Michigan apparently has over 11000 lakes, and touches 4 of the 5 great lakes.
And you'd think that would mean knowing how to deal with water. But you'd be wrong.
I just spent over an hour driving to get lunch. That included all the detours around flooded streets.
It's been raining for something on the order of 36 hours. According to the weather reports I've found, it's something on the order of 5 inches of rain, total. Dearborn has numerous streets that are curb deep in water, and intersections that are bumper deep. The city is shutting down roads, and a lot of the traffic lights are malfunctioning.
We apparently average 2-4" of precipitation a month. So this storm is all the rain for the month, even though I think we were probably behind for the year.
And this isn't the first storm this year that's caused similar issues.
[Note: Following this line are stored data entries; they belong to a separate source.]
(* For $t\in(0,1)$ and $n\ge1$, with $H_n(t):=t(t-1)\frac{d}{dt}\ln D_n(t)$, $$H_n(t)=(2n+\alpha+\beta)(y_n-tr_n)-n(n+\alpha)=-(2n+\alpha+\beta)\mathsf p_1(n,t)-n(n+\alpha),$$ and $$r_n(t)=-\frac{H_n'(t)}{2n+\alpha+\beta},\qquad y_n(t)=\frac{-tH_n'(t)+H_n(t)+n(n+\alpha)}{2n+\alpha+\beta}.$$
   Context: Fix $\alpha>0$, $\beta>0$, and real $A,B$ with $A\ge0$, $A+B\ge0$, not both zero; $\theta$ is the Heaviside step function. For $t\in(0,1)$ let $w(x;t)=x^\alpha(1-x)^\beta(A+B\theta(x-t))$ on $[0,1]$, with moments $\mu_i(t)=\int_0^1x^iw\,dx$ and Hankel determinant $D_n(t)=\det(\mu_{j+k}(t))_{j,k=0}^{n-1}$. Let $P_n(x)=P_n(x;t)=x^n+\mathsf p_1(n,t)x^{n-1}+\cdots$ be the monic orthogonal polynomials: $\int_0^1P_iP_jw\,dx=h_i(t)\delta_{ij}$, $h_i>0$. Define $r_n(t)=B\,t^\alpha(1-t)^\beta P_n(t;t)P_{n-1}(t;t)/h_{n-1}$ and $y_n(t)=\frac{\beta}{h_{n-1}}\int_0^1\frac{P_n(y)P_{n-1}(y)}{1-y}\,y^\alpha(1-y)^\beta(A+B\theta(y-t))\,dy$. A prime denotes $d/dt$. *)

theory Defs
  imports "HOL-Analysis.Analysis" "HOL-Computational_Algebra.Polynomial"
    "Jordan_Normal_Form.Determinant"
begin

text \<open>Heaviside step function (the value at 0 is irrelevant: a null set).\<close>
definition heaviside :: "real \<Rightarrow> real" where
  "heaviside x = (if x > 0 then 1 else 0)"

definition wgt :: "real \<Rightarrow> real \<Rightarrow> real \<Rightarrow> real \<Rightarrow> real \<Rightarrow> real \<Rightarrow> real" where
  "wgt \<alpha> \<beta> A B t x = x powr \<alpha> * (1 - x) powr \<beta> * (A + B * heaviside (x - t))"

definition moment :: "real \<Rightarrow> real \<Rightarrow> real \<Rightarrow> real \<Rightarrow> real \<Rightarrow> nat \<Rightarrow> real" where
  "moment \<alpha> \<beta> A B t i = integral {0..1} (\<lambda>x. x ^ i * wgt \<alpha> \<beta> A B t x)"

definition hankelD :: "real \<Rightarrow> real \<Rightarrow> real \<Rightarrow> real \<Rightarrow> real \<Rightarrow> nat \<Rightarrow> real" where
  "hankelD \<alpha> \<beta> A B t n = det (mat n n (\<lambda>(j, k). moment \<alpha> \<beta> A B t (j + k)))"

definition opoly :: "real \<Rightarrow> real \<Rightarrow> real \<Rightarrow> real \<Rightarrow> real \<Rightarrow> nat \<Rightarrow> real poly" where
  "opoly \<alpha> \<beta> A B t n = (THE p. degree p = n \<and> coeff p n = 1 \<and>
     (\<forall>m<n. integral {0..1} (\<lambda>x. poly p x * x ^ m * wgt \<alpha> \<beta> A B t x) = 0))"

definition hnorm :: "real \<Rightarrow> real \<Rightarrow> real \<Rightarrow> real \<Rightarrow> real \<Rightarrow> nat \<Rightarrow> real" where
  "hnorm \<alpha> \<beta> A B t n =
     integral {0..1} (\<lambda>x. (poly (opoly \<alpha> \<beta> A B t n) x)\<^sup>2 * wgt \<alpha> \<beta> A B t x)"

definition p1 :: "real \<Rightarrow> real \<Rightarrow> real \<Rightarrow> real \<Rightarrow> nat \<Rightarrow> real \<Rightarrow> real" where
  "p1 \<alpha> \<beta> A B n t = coeff (opoly \<alpha> \<beta> A B t n) (n - 1)"

definition rn :: "real \<Rightarrow> real \<Rightarrow> real \<Rightarrow> real \<Rightarrow> nat \<Rightarrow> real \<Rightarrow> real" where
  "rn \<alpha> \<beta> A B n t = B * t powr \<alpha> * (1 - t) powr \<beta>
     * poly (opoly \<alpha> \<beta> A B t n) t * poly (opoly \<alpha> \<beta> A B t (n - 1)) t
     / hnorm \<alpha> \<beta> A B t (n - 1)"

definition yn :: "real \<Rightarrow> real \<Rightarrow> real \<Rightarrow> real \<Rightarrow> nat \<Rightarrow> real \<Rightarrow> real" where
  "yn \<alpha> \<beta> A B n t = \<beta> / hnorm \<alpha> \<beta> A B t (n - 1)
     * integral {0..1} (\<lambda>y. poly (opoly \<alpha> \<beta> A B t n) y * poly (opoly \<alpha> \<beta> A B t (n - 1)) y
                           / (1 - y) * wgt \<alpha> \<beta> A B t y)"

definition Hn :: "real \<Rightarrow> real \<Rightarrow> real \<Rightarrow> real \<Rightarrow> nat \<Rightarrow> real \<Rightarrow> real" where
  "Hn \<alpha> \<beta> A B n t = t * (t - 1) * deriv (\<lambda>s. ln (hankelD \<alpha> \<beta> A B s n)) t"

end

theory Submission
  imports Defs
begin

(*
  For fixed t the functional  L_t(q) = int_0^1 q(x) w(x;t) dx  is positive definite
  on real polynomials, so the monic orthogonal polynomials P_j are obtained by Gram-Schmidt
  from the monomials, and a triangular change of basis shows D_n(t) = prod_{j<n} h_j(t).

  The t-dependence of w only sits in the jump: L_t(q) = A int_0^1 q w0 + B int_t^1 q w0 with
  w0 = x^\<alpha>(1-x)^\<beta>, so d/dt L_t(q) = -B q(t) w0(t) for fixed q.  Combined with orthogonality
  this gives h_j' = -B P_j(t)^2 w0(t) and p1(n,t)' = r_n(t); hence
  (ln D_n)' = sum_j -B P_j(t)^2 w0(t)/h_j.

  Integration by parts against (x(1-x) w0)' = ((\<alpha>+1) - (\<alpha>+\<beta>+2)x) w0 (Pearson's equation)
  evaluates each summand through the two top coefficients of P_j; the sum telescopes to
  H_n = -(2n+\<alpha>+\<beta>) p1(n,t) - n(n+\<alpha>).  A second integration by parts gives
  y_n = -p1(n,t) + t r_n.  The theorem follows from these two identities and p1' = r_n.
*)

section \<open>Gram-Schmidt orthogonalisation of the monomials\<close>

function gs_poly :: "(real poly \<Rightarrow> real) \<Rightarrow> nat \<Rightarrow> real poly" where
  "gs_poly L 0 = 1"
| "gs_poly L (Suc n) = monom 1 (Suc n) -
     (\<Sum>j\<le>n. Polynomial.smult (L (monom 1 (Suc n) * gs_poly L j) / L (gs_poly L j * gs_poly L j))
                             (gs_poly L j))"
  by pat_completeness auto
termination by (relation "Wellfounded.measure (\<lambda>(L,n). n)") auto

declare gs_poly.simps(2)[simp del]

lemma gs_coeff_above: "k > n \<Longrightarrow> coeff (gs_poly L n) k = 0"
proof (induction n arbitrary: k rule: less_induct)
  case (less n)
  show ?case
  proof (cases n)
    case 0 then show ?thesis using less by (simp add: coeff_1)
  next
    case (Suc m)
    have "coeff (gs_poly L j) k = 0" if "j \<le> m" for j using less Suc that by auto
    then show ?thesis using less Suc by (simp add: gs_poly.simps coeff_sum coeff_monom)
  qed
qed

lemma gs_degree_le: "degree (gs_poly L n) \<le> n"
  by (meson gs_coeff_above degree_le leI)

lemma gs_lead_coeff: "coeff (gs_poly L n) n = 1"
proof (cases n)
  case 0 then show ?thesis by simp
next
  case (Suc m)
  have "coeff (gs_poly L j) (Suc m) = 0" if "j \<le> m" for j using that by (intro gs_coeff_above) auto
  then show ?thesis using Suc by (simp add: gs_poly.simps coeff_sum)
qed

lemma gs_nonzero: "gs_poly L n \<noteq> 0"
  using gs_lead_coeff[of L n] by auto

lemma gs_degree: "degree (gs_poly L n) = n"
  by (metis gs_lead_coeff gs_degree_le le_antisym le_degree one_neq_zero)

lemma gs_diff_coeff: "j \<le> k \<Longrightarrow> coeff (gs_poly L j - gs_poly L' j) k = 0"
  using gs_lead_coeff gs_coeff_above by (cases "k = j") auto

lemma poly_as_monom_sum: "(\<forall>k\<ge>n. coeff q k = 0) \<Longrightarrow> q = (\<Sum>i<n. monom (coeff q i) i)"
  by (auto simp: poly_eq_iff coeff_sum coeff_monom)

lemma congruence_entry:
  fixes c :: "nat \<Rightarrow> nat \<Rightarrow> real"
  assumes "i < n" "j < n"
  shows "(mat n n (\<lambda>(i,k). c i k) * mat n n (\<lambda>(j,k). \<mu> (j + k)) * transpose_mat (mat n n (\<lambda>(i,k). c i k))) $$ (i, j)
     = (\<Sum>k<n. \<Sum>l<n. c i k * c j l * \<mu> (k + l))"
  using assms
  apply (simp add: scalar_prod_def atLeast0LessThan sum_distrib_right)
  apply (subst sum.swap)
  apply (simp add: algebra_simps)
  done

lemma coeff_mult_X1X: "coeff (p * [:0, 1, -1:]) k =
   (if k = 0 then 0 else coeff p (k - 1) - (if 2 \<le> k then coeff p (k - 2) else 0))"
  for p :: "'a::comm_ring_1 poly"
  by (cases k; cases "k - 1") (auto simp: mult_pCons_right coeff_pCons)

lemma coeff_mult_lin: "coeff (p * [:c, d:]) k = c * coeff p k + (if k = 0 then 0 else d * coeff p (k - 1))"
  for p :: "'a::comm_ring_1 poly"
  by (cases k) (auto simp: mult_pCons_right coeff_pCons)

lemma coeff_mult_X: "coeff ([:0, 1:] * p) k = (if k = 0 then 0 else coeff p (k - 1))"
  for p :: "'a::comm_ring_1 poly"
  by (cases k) (auto simp: coeff_pCons)

locale posdef_functional =
  fixes L :: "real poly \<Rightarrow> real"
  assumes L_add: "L (p + q) = L p + L q"
    and L_smult: "L (Polynomial.smult c p) = c * L p"
    and L_pos: "p \<noteq> 0 \<Longrightarrow> L (p * p) > 0"
begin

lemma L0[simp]: "L 0 = 0" using L_smult[of 0 0] by simp
lemma L_minus: "L (- p) = - L p" using L_smult[of "-1" p] by simp
lemma L_diff: "L (p - q) = L p - L q"
  using L_add[of p "-q"] L_minus[of q] by simp
lemma L_sum: "L (\<Sum>i\<in>S. f i) = (\<Sum>i\<in>S. L (f i))"
  by (induction S rule: infinite_finite_induct) (auto simp: L_add)

abbreviation "P \<equiv> gs_poly L"
abbreviation "h j \<equiv> L (P j * P j)"

lemma h_pos: "h j > 0" using L_pos gs_nonzero by blast

lemma gs_orth_less: "i < j \<Longrightarrow> L (P i * P j) = 0"
proof (induction j arbitrary: i rule: less_induct)
  case (less j)
  then obtain m where j: "j = Suc m" by (cases j) auto
  have im: "i \<le> m" using less j by auto
  have orth: "L (P i * P k) = 0" if "k \<le> m" "k \<noteq> i" for k
  proof (cases "i < k")
    case True then show ?thesis using less that j by auto
  next
    case False then have "k < i" using that by auto
    then have "L (P k * P i) = 0" using less.IH[of i k] im j by simp
    then show ?thesis by (metis mult.commute)
  qed
  have "L (P i * P j) = L (P i * monom 1 (Suc m)) -
      (\<Sum>k\<le>m. L (monom 1 (Suc m) * P k) / h k * L (P i * P k))"
    by (simp add: j gs_poly.simps right_diff_distrib sum_distrib_left L_diff L_sum L_smult mult_smult_right)
  also have "(\<Sum>k\<le>m. L (monom 1 (Suc m) * P k) / h k * L (P i * P k))
      = L (monom 1 (Suc m) * P i) / h i * L (P i * P i)"
    using orth im by (subst sum.remove[of _ i]) (auto intro!: sum.neutral)
  also have "\<dots> = L (monom 1 (Suc m) * P i)" using h_pos[of i] by simp
  finally show ?case by (simp add: mult.commute[of "monom 1 (Suc m)" "P i"])
qed

lemma gs_orth: "i \<noteq> j \<Longrightarrow> L (P i * P j) = 0"
  by (metis gs_orth_less linorder_neq_iff mult.commute)

lemma gs_span: "(\<forall>k>m. coeff q k = 0) \<Longrightarrow> \<exists>c. q = (\<Sum>j\<le>m. Polynomial.smult (c j) (P j))"
proof (induction m arbitrary: q)
  case 0
  then have "q = Polynomial.smult (coeff q 0) (P 0)"
    by (auto simp: poly_eq_iff coeff_pCons split: nat.splits)
  then show ?case by (intro exI[of _ "\<lambda>_. coeff q 0"]) simp
next
  case (Suc m)
  define r where "r = q - Polynomial.smult (coeff q (Suc m)) (P (Suc m))"
  have "\<forall>k>m. coeff r k = 0"
  proof (intro allI impI)
    fix k assume "k > m"
    then consider "k = Suc m" | "k > Suc m" by linarith
    then show "coeff r k = 0"
      using Suc.prems gs_lead_coeff[of L "Suc m"] gs_coeff_above[of "Suc m" k L]
      by cases (auto simp: r_def)
  qed
  then obtain c where c: "r = (\<Sum>j\<le>m. Polynomial.smult (c j) (P j))" using Suc.IH by blast
  define a where "a = coeff q (Suc m)"
  have q: "q = r + Polynomial.smult a (P (Suc m))" by (simp add: r_def a_def)
  have "(\<Sum>j\<le>Suc m. Polynomial.smult ((c(Suc m := a)) j) (P j))
      = (\<Sum>j\<le>m. Polynomial.smult (c j) (P j)) + Polynomial.smult a (P (Suc m))"
    by (simp add: sum.atMost_Suc)
  then have "q = (\<Sum>j\<le>Suc m. Polynomial.smult ((c(Suc m := a)) j) (P j))"
    using q c by simp
  then show ?case by blast
qed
It's not even the first storm in the few years I've lived here (reference
melstav's car-turned-submarine that we spent my first summer here fixing).
Missouri, or at least the areas of it I've lived in, is much more hilly, and has a lot of rivers and lakes. It has the Mississippi River, and the Missouri River. And much bigger rain storms. About the only way to get flooding there is to have the rivers top the dams; the one time Rolla flooded the way Dearborn is flooding now, we'd had something like 8" of rain in an evening. St. Louis has a similar monthly rainfall to Detroit...the methods of dealing with the water are drastically different.
Baton Rouge averages 4-6 inches of rain a month; I was there during a storm that dropped us from 90 degrees to 30 degrees and dumped 6" of rain and 4 tornadoes in an afternoon. The roads are at sea level and yet they had only minimal flooding in that storm.
*shrugs*
Just seems strange to me that flooding is considered a normal occurrence here, when so many other places don't seem to think so.